I need to get fit. I have a friend who is into powerlifting. I know that sounds a little weird. A lot of people when they hear powerlifting think about huge meatheads throwing metal around, but it has become a lot more… inclusive for women recently, it seems? Is this true? I’ve always hated running, I am not very good at team sports, and since it’s my friend who is doing it I feel more comfortable. I know that any exercise is good for me but I want to focus on weight loss. I’m wondering how effective powerlifting will be if tried it. I already went to one class with my friend and I liked it! But I just want more information, to know what the most effective thing to do would be.

Just like you said, powerlifting has become a lot more popular over the last few years. It has also become a lot more inclusive, and it’s easier to find women involved in the scene. Powerlifting is a strength sport that revolves around three lifts: the squat, the bench press, and the deadlift (this comic has great illustrations of all three). The goal of the sport is to move as much weight as possible with each of those three lifts. In its simplicity, the sport can’t be beaten. It consists of little more than picking up heavy objects and setting them back down again (with the right technique, of course).

It also builds a strong foundation of functional strength, or the muscle strength that helps you more throughout the day. For these reasons, powerlifting has become popular with women interested in a sport or exercise that helps them in their day to day life, that is totally focused on a simple function of the body, and that can make them feel stronger and more confident. According to bodybuilding.com, the number of women powerlifters has doubled since 2015, and that’s only counting women who compete professionally. Many more are estimated to be training and participating casually, and they are women from all walks of life.

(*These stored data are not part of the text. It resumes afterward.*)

(* Let $G$ be a totally bounded Abelian topological group with property $\mathfrak{h}$. Then $G$ has no infinite compact subsets.
   Context: $\mathbb{T}$ is the circle group. A subgroup $N$ of a topological Abelian group $G$ is $h$-embedded in $G$ if every group homomorphism $N\to\mathbb{T}$ extends to a continuous homomorphism $G\to\mathbb{T}$. $G$ has property $\mathfrak{h}$ if every countable subgroup of $G$ is $h$-embedded in $G$. *)

theory Defs
  imports "HOL-Analysis.Analysis" "HOL-Algebra.Group"
begin

definition topological_ab_group :: "('a, 'b) monoid_scheme \<Rightarrow> 'a topology \<Rightarrow> bool" where
  "topological_ab_group G X \<longleftrightarrow>
     comm_group G \<and> topspace X = carrier G \<and>
     continuous_map (prod_topology X X) X (\<lambda>(x, y). x \<otimes>\<^bsub>G\<^esub> y) \<and>
     continuous_map X X (\<lambda>x. inv\<^bsub>G\<^esub> x)"

definition totally_bounded_group :: "('a, 'b) monoid_scheme \<Rightarrow> 'a topology \<Rightarrow> bool" where
  "totally_bounded_group G X \<longleftrightarrow>
     (\<forall>U. openin X U \<and> \<one>\<^bsub>G\<^esub> \<in> U \<longrightarrow>
        (\<exists>F. finite F \<and> F \<subseteq> carrier G \<and>
             carrier G = (\<Union>x\<in>F. {x \<otimes>\<^bsub>G\<^esub> u | u. u \<in> U})))"

definition circle_group :: "complex monoid" where
  "circle_group = \<lparr>carrier = sphere 0 1, mult = (*), one = 1\<rparr>"

definition circle_top :: "complex topology" where
  "circle_top = top_of_set (sphere 0 1)"

definition h_embedded :: "('a, 'b) monoid_scheme \<Rightarrow> 'a topology \<Rightarrow> 'a set \<Rightarrow> bool" where
  "h_embedded G X N \<longleftrightarrow>
     (\<forall>f \<in> hom (G\<lparr>carrier := N\<rparr>) circle_group.
        \<exists>g \<in> hom G circle_group. continuous_map X circle_top g \<and> (\<forall>x\<in>N. g x = f x))"

definition property_h :: "('a, 'b) monoid_scheme \<Rightarrow> 'a topology \<Rightarrow> bool" where
  "property_h G X \<longleftrightarrow> (\<forall>N. subgroup N G \<and> countable N \<longrightarrow> h_embedded G X N)"

end

theory Submission
  imports Defs "HOL-Algebra.Generated_Groups"
begin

So here’s the thing: if you take up powerlifting and eat properly, the way a powerlifter would, you will probably gain weight. Powerlifting requires that you gain muscle mass, because you will be gaining strength. To gain muscle mass, you also have to eat a lot of food, and if you have a sedentary lifestyle now and start an intensive exercise regimen like powerlifting, your daily calorie intake will go up.

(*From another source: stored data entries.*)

(* Let $H$ be a graded, connected Hopf algebra over $K$ with a symmetric, non-degenerate Hopf pairing $\langle-,-\rangle$ on $H\times H$, and let $\mathfrak g=\mathrm{Prim}(H)$. Fix $n\in\mathbb N$. Let $\mathfrak h_n$ be a complement of $(\mathfrak g\cap H^{+2})_n$ in $\mathfrak g_n$ and $m_n$ a complement of $(\mathfrak g\cap H^{+2})_n$ in $(H^{+2})_n$. Then $\mathfrak h_n$ is non-isotropic (the restriction of the pairing to $\mathfrak h_n\times\mathfrak h_n$ is non-degenerate), and there exists a complement $w_n$ of $\mathfrak g_n+(H^{+2})_n$ in $H_n$ such that, with orthogonals taken inside $H_n$: (i) $w_n^\perp=w_n\oplus\mathfrak h_n\oplus m_n$ and the restriction of the pairing to $(\mathfrak g\cap H^{+2})_n\times w_n$ is non-degenerate; (ii) $\mathfrak h_n^\perp=(\mathfrak g\cap H^{+2})_n\oplus m_n\oplus w_n$ and the restriction to $\mathfrak h_n\times\mathfrak h_n$ is non-degenerate; (iii) $m_n^\perp=(\mathfrak g\cap H^{+2})_n\oplus\mathfrak h_n\oplus w_n$ and the restriction to $m_n\times m_n$ is non-degenerate; (iv) $((\mathfrak g\cap H^{+2})_n)^\perp=(\mathfrak g\cap H^{+2})_n\oplus m_n\oplus\mathfrak h_n$ and the restriction to $w_n\times(\mathfrak g\cap H^{+2})_n$ is non-degenerate.
   Context: $K$ is a commutative field of characteristic $\neq2$. A graded connected Hopf algebra is a Hopf algebra $H=\bigoplus_{n\ge0}H_n$ over $K$ with homogeneous structure maps, $H_0=K$ and every $H_n$ finite-dimensional. $H^+=\bigoplus_{n\ge1}H_n$, $H^{+2}$ is the span of products of two elements of $H^+$, $\mathfrak g_n=\mathfrak g\cap H_n$. A Hopf pairing on $H\times H$ is a bilinear form with $\langle x,1\rangle=\varepsilon(x)=\langle1,x\rangle$, $\langle xy,z\rangle=\langle x\otimes y,\Delta(z)\rangle$, $\langle x,yz\rangle=\langle\Delta(x),y\otimes z\rangle$, and $\langle H_i,H_j\rangle=0$ for $i\ne j$. *)

theory Defs
  imports Main "HOL.Vector_Spaces"
begin

text \<open>The ground field is a type 'k of class field; the Hopf
algebra H is the whole type 'h (an abelian group) with scalar multiplication
scale, forming a K-vector space.  Elements of H (x) H are represented by finite
lists of pairs (a,b), standing for the sum of the a (x) b; two such lists
represent the same tensor iff every K-bilinear form takes the same value on
them (bilinear forms separate the points of the algebraic tensor product).
Likewise for H (x) H (x) H with trilinear forms.\<close>

definition bilinear_form :: "('k::field \<Rightarrow> 'h::ab_group_add \<Rightarrow> 'h) \<Rightarrow> ('h \<Rightarrow> 'h \<Rightarrow> 'k) \<Rightarrow> bool" where
  "bilinear_form scale \<beta> \<longleftrightarrow>
     (\<forall>x. Vector_Spaces.linear scale (*) (\<beta> x)) \<and> (\<forall>y. Vector_Spaces.linear scale (*) (\<lambda>x. \<beta> x y))"
lemma (in group) rN_eq_0:
  assumes "finite (carrier G)" and "order G \<le> N"
  shows "rN N G = 0"
proof -
  have "grank (subgroup_generated G {\<one>}) \<le> card ({} :: 'a set)"
    by (rule grank_le_card[OF triv_subgroup]) (simp_all add: generate_empty)
  then show ?thesis
    using rN_le_grank[OF assms(1) triv_subgroup] card_rcosets_triv[OF assms(1)] assms(2) by simp
qed

lemma (in group_hom) rN_le_rN_image:
  assumes "finite (carrier G)" and surj: "h ` carrier G = carrier H"
    and "cyclic_group (subgroup_generated G (kernel G H h))" and "0 < N"
  shows "rN N G \<le> rN N H + 1"
proof -
  have "finite (carrier H)"
    using assms(1) surj by (metis finite_imageI)
  then obtain K where K: "subgroup K H" "card (rcosets\<^bsub>H\<^esub> K) \<le> N"
    and "rN N H = grank (subgroup_generated H K)"
    using H.rN_attained assms(4) by blast
  have "rN N G \<le> grank (subgroup_generated G (carrier G \<inter> h -` K))"
    using rN_le_grank[OF assms(1) subgroup_vimage] index_vimage[OF assms(1) surj] K by simp
  also have "\<dots> \<le> rN N H + 1"
    using grank_vimage_le[OF assms(1) surj K(1) assms(3)] \<open>rN N H = _\<close> by simp
  finally show ?thesis .
qed

lemma le_gk_iff:
  assumes "0 < N"
  shows "N \<le> gk k G \<longleftrightarrow> (\<exists>M\<ge>N. M \<le> order G \<and> k \<le> rN M G)"
proof -
  let ?A = "{M. 1 \<le> M \<and> M \<le> order G \<and> k \<le> rN M G}"
  have "finite ({0} \<union> ?A)"
    by (rule finite_subset[of _ "{..order G}"]) auto
  then have "N \<le> Max ({0} \<union> ?A) \<longleftrightarrow> (\<exists>M\<in>{0} \<union> ?A. N \<le> M)"
    by (simp add: Max_ge_iff)
  also have "\<dots> \<longleftrightarrow> (\<exists>M\<ge>N. M \<le> order G \<and> k \<le> rN M G)"
  proof
    assume "\<exists>M\<in>{0} \<union> ?A. N \<le> M"
    then obtain M where "M \<in> ?A" and "N \<le> M"
      using assms by auto
    then show "\<exists>M\<ge>N. M \<le> order G \<and> k \<le> rN M G"
      by auto
  next
    assume "\<exists>M\<ge>N. M \<le> order G \<and> k \<le> rN M G"
    then obtain M where "N \<le> M" and "M \<in> ?A"
      using assms by auto
    then show "\<exists>M\<in>{0} \<union> ?A. N \<le> M"
      by blast
  qed
  finally show ?thesis
    unfolding gk_def .
qed

theorem mainTheorem14:
  fixes G :: "('a, 'b) monoid_scheme" and G' :: "('c, 'd) monoid_scheme"
    and h :: "'a \<Rightarrow> 'c" and k N :: nat
  assumes "group G" and "finite (carrier G)" and "group G'"
    and "h \<in> hom G G'" and "h ` carrier G = carrier G'"
    and "cyclic_group (subgroup_generated G (kernel G G' h))"
    and "k \<ge> 2" and "gk k G \<ge> N"
  shows "gk (k - 1) G' \<ge> N"
proof (cases "N = 0")
  case False
  interpret group_hom G G' h
    using assms(1,3,4) by (simp add: group_hom_def group_hom_axioms_def)
  have "finite (carrier G')"
    using assms(2,5) by (metis finite_imageI)
  obtain M where "N \<le> M" and "k \<le> rN M G"
    using assms(8) False le_gk_iff[of N k G] by auto
  note \<open>k \<le> rN M G\<close>
  also have "rN M G \<le> rN N G"
    using G.rN_antimono assms(2) False \<open>N \<le> M\<close> by simp
  also have "rN N G \<le> rN N G' + 1"
    using rN_le_rN_image assms(2,5,6) False by simp
  finally have "k \<le> rN N G' + 1" .
  moreover have "N \<le> order G'"
  proof (rule ccontr)
    assume "\<not> N \<le> order G'"
    then have "rN N G' = 0"
      using H.rN_eq_0 \<open>finite (carrier G')\<close> by simp
    with \<open>k \<le> rN N G' + 1\<close> assms(7) show False
      by simp
  qed
  moreover have "k - 1 \<le> rN N G'"
    using \<open>k \<le> rN N G' + 1\<close> by simp
  ultimately show ?thesis
    using le_gk_iff[of N "k - 1" G'] False order_refl by blast
qed simp

end
(* Let $n,k$ be positive integers with $n\ge k$. The integer $|u(n,k)|$ is the number of ordered pairs $(\sigma,\tau)$ of permutations of $[n]=\{1,\dots,n\}$, each having $k$ cycles, such that $\min(\sigma)=\min(\tau)$.
   Context: The central factorial numbers of the first kind with even indices $u(n,k)=t(2n,2k)$ satisfy $u(0,0)=1$, $u(n,k)=0$ if $k\notin\{1,\dots,n\}$ (for $(n,k)\ne(0,0)$), and $u(n,k)=u(n-1,k-1)-(n-1)^2u(n-1,k)$ for $n,k\ge1$; equivalently $\prod_{i=0}^{n-1}(x-i^2)=\sum_k u(n,k)x^k$. For a permutation $\sigma$ of $[n]$, $\min(\sigma)$ denotes the set of cyclic minima, i.e. the set of minimal elements of the cycles of $\sigma$. *)

theory Defs
  imports "HOL-Combinatorics.Combinatorics"
begin

text \<open>Central factorial numbers of the first kind with even indices, u(n,k) = t(2n,2k).\<close>
fun u :: "nat \<Rightarrow> nat \<Rightarrow> int" where
  "u 0 k = (if k = 0 then 1 else 0)"
| "u (Suc n) 0 = 0"
| "u (Suc n) (Suc k) = u n k - (int n)^2 * u n (Suc k)"

definition perm_cycles :: "nat \<Rightarrow> (nat \<Rightarrow> nat) \<Rightarrow> nat set set" where
  "perm_cycles n \<sigma> = (\<lambda>i. orbit \<sigma> i) ` {1..n}"

definition num_cycles :: "nat \<Rightarrow> (nat \<Rightarrow> nat) \<Rightarrow> nat" where
  "num_cycles n \<sigma> = card (perm_cycles n \<sigma>)"

definition cyc_min :: "nat \<Rightarrow> (nat \<Rightarrow> nat) \<Rightarrow> nat set" where
  "cyc_min n \<sigma> = Min ` perm_cycles n \<sigma>"

end

theory Submission
  imports Defs
begin

text \<open>
  Let \<open>F n M\<close> count the permutations of \<open>{1..n}\<close> whose set of cyclic minima is \<open>M\<close>.
  A permutation of \<open>{1..n+1}\<close> either fixes \<open>n+1\<close>, which is then a cyclic minimum, or
  arises in exactly one way from a permutation of \<open>{1..n}\<close> by inserting \<open>n+1\<close> right after
  some \<open>j \<le> n\<close> in its cycle, which leaves all cyclic minima unchanged. Hence
  \<open>F (n+1) (insert (n+1) M) = F n M\<close>, and \<open>F (n+1) M = n * F n M\<close> when \<open>n+1 \<notin> M\<close>.
  The number of pairs to be counted is \<open>G n k\<close>, the sum of \<open>(F n M)\<^sup>2\<close> over the \<open>k\<close>-subsets
  \<open>M\<close> of \<open>{1..n}\<close>; so \<open>G (n+1) (k+1) = G n k + n\<^sup>2 * G n (k+1)\<close>, which is the recurrence of
  \<open>(-1)^(n+k) * u n k\<close>.
\<close>

lemma Min_eq_if_subset_insert_greater:
  fixes B :: "'a::linorder set"
  assumes "finite B" "B \<noteq> {}" "B \<subseteq> A" "A \<subseteq> insert p B" "\<forall>b\<in>B. b < p"
  shows "Min A = Min B"
proof (cases "p \<in> A")
  case True
  then have "A = insert p B" using assms(3,4) by auto
  moreover have "Min B < p" using assms(1,2,5) Min_in by blast
  ultimately show ?thesis using assms(1,2) by simp
next
  case False
  then show ?thesis using assms(3,4) by (simp add: subset_antisym subset_insert)
qed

But when it comes to powerlifting, you have to flip your expectations on their head. You will probably stay the same size, or thinner, and you will probably look thinner. This is because you’re burning fat and you’ll notice the difference when you look in the mirror, but the number on the scale will likely go up as you continue training. The muscle you gain is lean and dense.

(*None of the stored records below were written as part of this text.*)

(* Let $\Theta\subseteq\mathbb R^d$, suppose Assumptions 1 and 2 hold with constants $L,B>0$, and let $\mu$ be a distribution on $\mathcal Z$ with $z_{1:n}=(z_1,\dots,z_n)$ i.i.d. from $\mu$. Let $\varepsilon>0$, $T\in\{0,\dots,n\}$, let $\Phi_n$ be any set of maps $\mathcal Z^n\to\Theta$, and let $\Phi_{T,\varepsilon}$ be a finite set of maps $\mathcal Z^n\to\Theta$ each depending on at most $T$ samples, such that for every $x_{1:n}\in\mathcal Z^n$ and every $\psi\in\Phi_n$ there is $\phi\in\Phi_{T,\varepsilon}$ with $\|\psi(x_{1:n})-\phi(x_{1:n})\|\le\varepsilon$. Then with probability at least $1-\delta$, for all $\psi\in\Phi_n$, $$\left|\hat F(\psi(z_{1:n}))-F(\psi(z_{1:n}))\right|\le\frac{BT}{n}+B\sqrt{\frac{\log(2|\Phi_{T,\varepsilon}|/\delta)}{2n}}+2L\varepsilon.$$
   Context: $F(\theta):=\mathbb E_{Z\sim\mu}[f(\theta;Z)]$, $\hat F(\theta):=\frac1n\sum_{i=1}^nf(\theta;z_i)$ for a loss $f:\Theta\times\mathcal Z\to\mathbb R$. Assumption 1 (constant $L$): there is $h_0:\Theta\to\mathbb R$ with $|f(\theta;z)-h_0(\theta)-(f(\theta';z)-h_0(\theta'))|\le L\|\theta-\theta'\|$ for all $\theta,\theta'\in\Theta$, $z$. Assumption 2 (constant $B$): $\sup_zf(\theta;z)-\inf_zf(\theta;z)\le B$ for all $\theta\in\Theta$. A map $\phi:\mathcal Z^n\to\Theta$ "depends on at most $T$ samples" if there is $\mathcal I\subseteq[n]$ with $|\mathcal I|\le T$ such that $\phi(x_1,\dots,x_n)=\phi(x_1',\dots,x_n')$ whenever $x_i=x_i'$ for all $i\in\mathcal I$. *)

theory Defs
  imports "HOL-Probability.Probability"
begin

definition pop_risk :: "'z measure \<Rightarrow> ('a \<Rightarrow> 'z \<Rightarrow> real) \<Rightarrow> 'a \<Rightarrow> real" where
  "pop_risk \<mu> f \<theta> = (\<integral>z. f \<theta> z \<partial>\<mu>)"

definition emp_risk :: "nat \<Rightarrow> ('a \<Rightarrow> 'z \<Rightarrow> real) \<Rightarrow> (nat \<Rightarrow> 'z) \<Rightarrow> 'a \<Rightarrow> real" where
  "emp_risk n f zs \<theta> = (\<Sum>i<n. f \<theta> (zs i)) / real n"

abbreviation sample_space :: "nat \<Rightarrow> 'z set \<Rightarrow> (nat \<Rightarrow> 'z) set" where
  "sample_space n Z \<equiv> PiE {..<n} (\<lambda>_. Z)"

definition depends_on_at_most :: "nat \<Rightarrow> 'z set \<Rightarrow> nat \<Rightarrow> ((nat \<Rightarrow> 'z) \<Rightarrow> 'a) \<Rightarrow> bool" where
  "depends_on_at_most n Z T \<phi> \<longleftrightarrow>
     (\<exists>I. I \<subseteq> {..<n} \<and> card I \<le> T \<and>
        (\<forall>x\<in>sample_space n Z. \<forall>x'\<in>sample_space n Z. (\<forall>i\<in>I. x i = x' i) \<longrightarrow> \<phi> x = \<phi> x'))"

definition assumption1 :: "'a::real_normed_vector set \<Rightarrow> 'z set \<Rightarrow> ('a \<Rightarrow> 'z \<Rightarrow> real) \<Rightarrow> real \<Rightarrow> bool" where
  "assumption1 \<Theta> Z f L \<longleftrightarrow> (\<exists>h0 :: 'a \<Rightarrow> real. \<forall>\<theta>\<in>\<Theta>. \<forall>\<theta>'\<in>\<Theta>. \<forall>z\<in>Z.
      \<bar>f \<theta> z - h0 \<theta> - (f \<theta>' z - h0 \<theta>')\<bar> \<le> L * norm (\<theta> - \<theta>'))"

text \<open>Assumption 2 with constant B: sup_z f(theta;z) - inf_z f(theta;z) <= B, written pointwise.\<close>
definition assumption2 :: "'a set \<Rightarrow> 'z set \<Rightarrow> ('a \<Rightarrow> 'z \<Rightarrow> real) \<Rightarrow> real \<Rightarrow> bool" where
  "assumption2 \<Theta> Z f B \<longleftrightarrow> (\<forall>\<theta>\<in>\<Theta>. \<forall>z\<in>Z. \<forall>z'\<in>Z. f \<theta> z - f \<theta> z' \<le> B)"

end

theory Submission
  imports Defs
begin
lemma weight_relation_third_column:
  fixes w0 w1 w2 x n :: int
  assumes "0 < w2"
    and "\<And>u. w0 * pair_int u (1, 0) + w1 * pair_int u (x, n * w2) + w2 * pair_int u v = 0"
  shows "w2 dvd w0 + x * w1" and "v = (- ((w0 + x * w1) div w2), - n * w1)"
proof -
  obtain e f where v: "v = (e, f)"
    by (metis prod.exhaust)
  have e: "w0 + x * w1 = w2 * - e"
    using assms(2)[of "(1, 0)"] by (simp add: pair_int_def v algebra_simps)
  have "w2 * f = w2 * (- n * w1)"
    using assms(2)[of "(0, 1)"] by (simp add: pair_int_def v algebra_simps)
  then have "f = - n * w1"
    using assms(1) by (metis mult_cancel_left less_irrefl)
  moreover have "(w0 + x * w1) div w2 = - e"
    unfolding e by (rule nonzero_mult_div_cancel_left) (use assms(1) in linarith)
  ultimately show "v = (- ((w0 + x * w1) div w2), - n * w1)"
    by (simp add: v)
  from e show "w2 dvd w0 + x * w1"
    by simp
qed

lemma toric_iso_if_lin2:
  assumes "unimodular A" and "\<And>i. i < 3 \<Longrightarrow> lin2 A (P i) = Q i"
  shows "toric_iso P Q"
proof -
  obtain a b c d where A: "A = (a, b, c, d)"
    by (metis prod.exhaust)
  show ?thesis
    unfolding toric_iso_def
  proof (intro exI conjI)
    show "a * d - b * c = 1 \<or> a * d - b * c = -1"
      using assms(1) by (simp add: unimodular_def A)
    show "bij_betw id {0..<3::nat} {0..<3}"
      by simp
    show "\<forall>i<3. lin2 (a, b, c, d) (P i) = Q (id i)"
      using assms(2) by (simp add: A)
  qed
qed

If you pursue powerlifting, there are several ways to supplement your new exercise practice and achieve better results. You may want to look into alternative diets like paleo or raw foods. You can also look in to taking supplements like CBD oil for weight loss, and CBD oil has the added advantage of being used for pain relief, which can help with sore joints. Finally, just because you try powerlifting doesn’t mean that you can’t also try out other, complementary activities like yoga or rock climbing. Since you liked your powerlifting class, it’s a good idea to continue to try it out. You could come away with new skills, new strengths, and maybe a new passion.